Paint me like one of your French bosoms


So today The Lovely Rhonda was compelled to visit the local “Breast Health Center,” or as I like to think of it, that place where they feel you up and get paid for it.  She had been having an Undisclosed Symptom that scared the bejeebers out of her medical provider and, by extension, us.  I was so disquieted by the whole thing that I could not find the words to talk about it to anyone.

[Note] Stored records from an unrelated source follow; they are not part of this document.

(* Let $B$ be an aperiodic Bratteli diagram of rank $d$. (1) $\mu(\mathcal O_B(1))=1$ if and only if there is a strictly increasing sequence $(n_k)_{k\ge1}$ with $\sum_{k=1}^\infty\mu(G_{n_k}^{n_{k+1},1})=\infty$. (2) Let $1<j\le d$. Then $\mu(\mathcal O_B(j))=1$ if and only if there is a strictly increasing sequence $(n_k)$ with $\sum_k\mu(G_{n_k}^{n_{k+1},j})=\infty$ and, for every $1\le i<j$ and every strictly increasing sequence $(m_k)$, $\sum_k\mu(G_{m_k}^{m_{k+1},i})<\infty$.
   Context: A Bratteli diagram $B$ has levels $V_n$ ($V_0=\{v_0\}$, finite) and finite edge sets $E_n$ from $V_{n-1}$ to $V_n$ with source/range maps $s,r$; $X_B$ is its path space; aperiodic means every tail-equivalence class is infinite. Rank $d$: $\sup_n|V_n|<\infty$ and $d$ is the least integer with $|V_n|=d$ infinitely often. An ordering $\omega$ is a linear order on each $r^{-1}(v)$, $v\ne v_0$; $\mathcal O_B=\prod_{v\ne v_0}P_v$ with $\mu=\prod_v\mu_v$, $\mu_v$ uniform on the set $P_v$ of linear orders of $r^{-1}(v)$. $\mathcal O_B(j)$: orderings with exactly $j$ maximal infinite paths (paths all of whose edges are maximal). For $k<n$ and $1\le i\le d$, $G_k^{n,i}$ is the set of orderings $\omega$ such that the $\omega$-maximal finite paths from level $k$ to the vertices of $V_n$ (for each $v\in V_n$, the path from level $k$ to $v$ consisting of maximal edges) have exactly $i$ distinct sources in $V_k$. *)

theory Defs
  imports "HOL-Probability.Probability"
begin

text \<open>A Bratteli diagram is given by vertex sets V n (n \<ge> 0), edge sets E n (n \<ge> 1)
  of edges from level n-1 to level n, and level-indexed source/range maps s n, r n.
  A vertex is the pair (n,v) with v \<in> V n; an edge of level n is an element of E n.\<close>

definition bratteli ::
  "(nat \<Rightarrow> 'v set) \<Rightarrow> (nat \<Rightarrow> 'e set) \<Rightarrow> (nat \<Rightarrow> 'e \<Rightarrow> 'v) \<Rightarrow> (nat \<Rightarrow> 'e \<Rightarrow> 'v) \<Rightarrow> bool" where
  "bratteli V E s r \<longleftrightarrow>
     card (V 0) = 1 \<and>
     (\<forall>n. finite (V n) \<and> V n \<noteq> {}) \<and>
     (\<forall>n\<ge>1. finite (E n) \<and> (\<forall>e\<in>E n. s n e \<in> V (n - 1) \<and> r n e \<in> V n)) \<and>
     (\<forall>n\<ge>1. \<forall>v\<in>V n. \<exists>e\<in>E n. r n e = v) \<and>
     (\<forall>n. \<forall>v\<in>V n. \<exists>e\<in>E (Suc n). s (Suc n) e = v)"
lemma eventually_card_polyhedron_between_cells:
  fixes a :: "'j \<Rightarrow> nat \<Rightarrow> int" and c :: "'j \<Rightarrow> nat \<Rightarrow> real"
  assumes "finite J" "\<forall>j\<in>J. (\<lambda>n. c j n / real n) \<longlonglongrightarrow> \<gamma> j"
    and "eventually (\<lambda>n. \<forall>z\<in>polyhedron d J a (\<lambda>j. c j n). \<forall>i<d. \<bar>real_of_int (z i)\<bar> \<le> C * real n)
           sequentially"
    and "0 < m" "0 < \<epsilon>" "real m * C + 1 \<le> K"
  shows "eventually (\<lambda>n.
      real (card (int_box d K \<inter> polyhedron d J a (\<lambda>j. real m * (\<gamma> j - \<epsilon>) - l1_norm d (a j))))
        * (1 / real m - 1 / real n) ^ d \<le> real (card (polyhedron d J a (\<lambda>j. c j n))) / real n ^ d \<and>
      real (card (polyhedron d J a (\<lambda>j. c j n))) / real n ^ d
        \<le> real (card (int_box d K \<inter> polyhedron d J a (\<lambda>j. real m * (\<gamma> j + \<epsilon>) + l1_norm d (a j))))
           * (1 / real m + 1 / real n) ^ d) sequentially"
proof -
  let ?P = "\<lambda>n. polyhedron d J a (\<lambda>j. c j n)"
  let ?cells = "\<lambda>t. real (card (int_box d K \<inter> polyhedron d J a t))"
  let ?lo = "\<lambda>j. real m * (\<gamma> j - \<epsilon>) - l1_norm d (a j)"
  let ?hi = "\<lambda>j. real m * (\<gamma> j + \<epsilon>) + l1_norm d (a j)"
  have "eventually (\<lambda>n. \<forall>j\<in>J. \<bar>c j n / real n - \<gamma> j\<bar> < \<epsilon>) sequentially"
  proof (intro eventually_ball_finite[OF assms(1)] ballI)
    fix j assume "j \<in> J"
    then have "(\<lambda>n. c j n / real n) \<longlonglongrightarrow> \<gamma> j"
      using assms(2) by blast
    from tendstoD[OF this assms(5)] show "eventually (\<lambda>n. \<bar>c j n / real n - \<gamma> j\<bar> < \<epsilon>) sequentially"
      by (simp add: dist_real_def)
  qed
  then show ?thesis
    using assms(3) eventually_ge_at_top[of m]
  proof eventually_elim
    case (elim n)
    let ?lo_n = "\<lambda>j. real m * c j n / real n - l1_norm d (a j)"
    let ?hi_n = "\<lambda>j. real m * c j n / real n + l1_norm d (a j)"
    have n: "0 < n"
      using elim(3) assms(4) by simp
    have close: "real m * (\<gamma> j - \<epsilon>) \<le> real m * c j n / real n"
      "real m * c j n / real n \<le> real m * (\<gamma> j + \<epsilon>)" if "j \<in> J" for j
    proof -
      have "\<gamma> j - \<epsilon> \<le> c j n / real n" "c j n / real n \<le> \<gamma> j + \<epsilon>"
        using elim(1) that by (auto simp: abs_less_iff)
      from mult_left_mono[OF this(1), of "real m"] mult_left_mono[OF this(2), of "real m"]
      show "real m * (\<gamma> j - \<epsilon>) \<le> real m * c j n / real n"
        "real m * c j n / real n \<le> real m * (\<gamma> j + \<epsilon>)"
        by simp_all
    qed
    have "?cells ?lo * (real n / real m - 1) ^ d \<le> ?cells ?lo_n * (real n / real m - 1) ^ d"
      using close(1) elim(3) assms(4) finite_int_box
      by (intro mult_right_mono of_nat_mono card_mono Int_mono order.refl polyhedron_mono) auto
    also have "\<dots> \<le> real (card (?P n))"
      using elim(2) elim(3) assms(4) finite_polyhedron_if_bounded
      by (intro card_polyhedron_ge_cells) auto
    finally have lower: "?cells ?lo * (real n / real m - 1) ^ d \<le> real (card (?P n))" .
    have "real (card (?P n)) \<le> ?cells ?hi_n * (real n / real m + 1) ^ d"
      using elim(2) assms(4,6) n by (intro card_polyhedron_le_cells) auto
    also have "\<dots> \<le> ?cells ?hi * (real n / real m + 1) ^ d"
      using close(2) finite_int_box
      by (intro mult_right_mono of_nat_mono card_mono Int_mono order.refl polyhedron_mono) auto
    finally have upper: "real (card (?P n)) \<le> ?cells ?hi * (real n / real m + 1) ^ d" .
    have "(real n / real m - 1) ^ d / real n ^ d = (1 / real m - 1 / real n) ^ d"
         "(real n / real m + 1) ^ d / real n ^ d = (1 / real m + 1 / real n) ^ d"
      using n assms(4) by (simp_all add: power_divide[symmetric] diff_divide_distrib add_divide_distrib)
    then show ?case
      using divide_right_mono[OF lower, of "real n ^ d"] divide_right_mono[OF upper, of "real n ^ d"]
      by (simp only: times_divide_eq_right[symmetric]) simp
  qed
qed

lemma convergent_if_eventually_within:
  fixes f :: "nat \<Rightarrow> real"
  assumes "\<And>\<eta>. 0 < \<eta> \<Longrightarrow> \<exists>lo. eventually (\<lambda>n. lo \<le> f n \<and> f n \<le> lo + \<eta>) sequentially"
  shows "convergent f"
proof -
  have "Cauchy f"
  proof (rule metric_CauchyI)
    fix e :: real assume "0 < e"
    then obtain lo where "eventually (\<lambda>n. lo \<le> f n \<and> f n \<le> lo + e / 2) sequentially"
      using assms[of "e / 2"] by auto
    then obtain N where N: "\<And>n. N \<le> n \<Longrightarrow> lo \<le> f n \<and> f n \<le> lo + e / 2"
      by (auto simp: eventually_sequentially)
    have "dist (f p) (f q) < e" if "N \<le> p" "N \<le> q" for p q
    proof -
      have "lo \<le> f p" "f p \<le> lo + e / 2" "lo \<le> f q" "f q \<le> lo + e / 2"
        using N that by auto
      then show ?thesis
        using \<open>0 < e\<close> by (simp add: dist_real_def abs_diff_less_iff)
    qed
    then show "\<exists>M. \<forall>p\<ge>M. \<forall>q\<ge>M. dist (f p) (f q) < e"
      by blast
  qed
  then show ?thesis
    by (simp add: Cauchy_convergent_iff)
qed

lemma exists_mesh_with_thin_boundary:
  fixes a :: "'j \<Rightarrow> nat \<Rightarrow> int" and C \<eta> :: real
  assumes J: "finite J" and d: "0 < d" and a: "\<forall>j\<in>J. \<exists>i<d. a j i \<noteq> 0"
    and C: "0 \<le> C" and \<eta>: "0 < \<eta>"
  obtains m \<epsilon> K where "0 < m" "0 < \<epsilon>" "real m * C + 1 \<le> K"
    "real (card (int_box d K \<inter> polyhedron d J a (\<lambda>j. real m * (\<gamma> j + \<epsilon>) + l1_norm d (a j)))) / real m ^ d
       \<le> real (card (int_box d K \<inter> polyhedron d J a (\<lambda>j. real m * (\<gamma> j - \<epsilon>) - l1_norm d (a j)))) / real m ^ d
          + \<eta> / 2"
proof -
  define A where "A = (\<Sum>j\<in>J. real_of_int (l1_norm d (a j)))"
  define Q where "Q = (2 * C + 5) ^ (d - 1)"
  define \<epsilon> where "\<epsilon> = \<eta> / (8 * Q * (card J + 1))"
  define m :: nat where "m = nat \<lceil>4 * Q * (2 * A + card J) / \<eta>\<rceil> + 1"
  define K :: int where "K = \<lceil>real m * C\<rceil> + 1"
  have A: "0 \<le> A"
    using l1_norm_nonneg by (simp add: A_def sum_nonneg)
  have Q: "1 \<le> Q"
    using C by (simp add: Q_def one_le_power)
  have \<epsilon>: "0 < \<epsilon>" "2 * \<epsilon> * card J * Q \<le> \<eta> / 4"
  proof -
    show "0 < \<epsilon>"
      using \<eta> Q by (simp add: \<epsilon>_def)
    have "\<epsilon> * (8 * Q * (card J + 1)) = \<eta>"
      using Q unfolding \<epsilon>_def by simp
    then have "2 * \<epsilon> * (card J + 1) * Q = \<eta> / 4"
      by (simp add: algebra_simps)
    moreover have "2 * \<epsilon> * card J * Q \<le> 2 * \<epsilon> * (card J + 1) * Q"
      using \<open>0 < \<epsilon>\<close> Q by (intro mult_right_mono mult_left_mono) simp_all
    ultimately show "2 * \<epsilon> * card J * Q \<le> \<eta> / 4"
      by simp
  qed
  have m: "0 < m" "Q * (2 * A + card J) \<le> real m * (\<eta> / 4)"
  proof -
    show "0 < m"
      by (simp add: m_def)
    have "4 * Q * (2 * A + card J) / \<eta> \<le> real m"
      unfolding m_def by linarith
    then show "Q * (2 * A + card J) \<le> real m * (\<eta> / 4)"
      using \<eta> by (simp add: divide_le_eq)
  qed
  have K: "0 \<le> K" "real m * C + 1 \<le> K" "real_of_int (2 * K + 1) \<le> real m * (2 * C + 5)"
  proof -
    have "0 \<le> real m * C" "1 \<le> real m"
      using C m(1) by simp_all
    then show "0 \<le> K" "real m * C + 1 \<le> K" "real_of_int (2 * K + 1) \<le> real m * (2 * C + 5)"
      unfolding K_def by (linarith, linarith, simp add: algebra_simps, linarith)
  qed
  let ?G = "int_box d K \<inter> polyhedron d J a (\<lambda>j. real m * (\<gamma> j - \<epsilon>) - l1_norm d (a j))"
  let ?M = "int_box d K \<inter> polyhedron d J a (\<lambda>j. real m * (\<gamma> j + \<epsilon>) + l1_norm d (a j))"
  have "real (card ?M) - real (card ?G)
        \<le> real_of_int (2 * K + 1) ^ (d - 1) * (\<Sum>j\<in>J. 2 * real m * \<epsilon> + 2 * l1_norm d (a j) + 1)"
    using card_box_polyhedron_diff_le[OF J a K(1), of "\<lambda>j. real m * (\<gamma> j - \<epsilon>) - l1_norm d (a j)"
        "\<lambda>j. real m * (\<gamma> j + \<epsilon>) + l1_norm d (a j)"] \<epsilon>(1) l1_norm_nonneg
    by (simp add: algebra_simps)
  also have "\<dots> = real_of_int (2 * K + 1) ^ (d - 1) * (2 * real m * \<epsilon> * card J + (2 * A + card J))"
    by (simp add: sum.distrib A_def sum_distrib_left algebra_simps)
  also have "\<dots> \<le> (real m * (2 * C + 5)) ^ (d - 1) * (2 * real m * \<epsilon> * card J + (2 * A + card J))"
    using K \<epsilon>(1) A by (intro mult_right_mono power_mono) simp_all
  also have "\<dots> = real m ^ (d - 1) * (real m * (2 * \<epsilon> * card J * Q) + Q * (2 * A + card J))"
    unfolding power_mult_distrib Q_def[symmetric] by (simp add: algebra_simps)
  also have "\<dots> \<le> real m ^ (d - 1) * (real m * (\<eta> / 4) + real m * (\<eta> / 4))"
    using \<epsilon>(2) m by (intro mult_left_mono add_mono) simp_all
  also have "\<dots> = real m ^ d * (\<eta> / 2)"
    using d by (simp add: power_eq_if algebra_simps)
  finally have "real (card ?M) / real m ^ d \<le> real (card ?G) / real m ^ d + \<eta> / 2"
    using m(1) by (simp add: field_simps)
  then show ?thesis
    using that m(1) \<epsilon>(1) K(2) by blast
qed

Spoiler alert: everything turns out okay, but we’ll never get the four days of trying not to think about the worst case scenario back.

As you might expect, dear reader(s), tensions were high and we were both totally rocking the puffy-eyed hollow look of the frightened-beyond-our-wits.

They led her off to the dungeons to squash her bosoms flat and drag them into the next room to shoot some pictures of them, and then to some kind of foul antechamber where they further violated her frontal regions with an ultrasound.  I was then summoned to witness the sentencing.

The doctor came striding in and sat down and in the friendliest, most relaxed way said, “You know, I just don’t see anything at all that points to cancerous growth of any kind.  There is just nothing here at all that concerns me in the slightest.”

After the relieved shouting and confetti-tossing died down, we repaired to the dressing room with the nurse who could not have been nicer and insisted on giving TLR a warm, heartfelt hug once she was properly dressed and not in danger of goobering the nurse’s scrubs up with ultrasound medium.

Later over a late breakfast TLR described the process as being rather like taking part in a very bizarre photo shoot.  “They drape your arm around the machine.  Okay now drop your left hip.  More.  Try arching your back a little.  Closer, closer… turn… a little more… Okay now throw your head back, toss your hair, purse your lips.  WORK IT, WORK IT, MAKE ME BELIEVE IT, I AM THE CAMERA!  Make love to the machine!  Be a part of it!  … And I’m spent.  Lunch break, there’s bottled water and cigarettes in the green room.”

Just some evil hormones at play here folks, nothing to see, move along.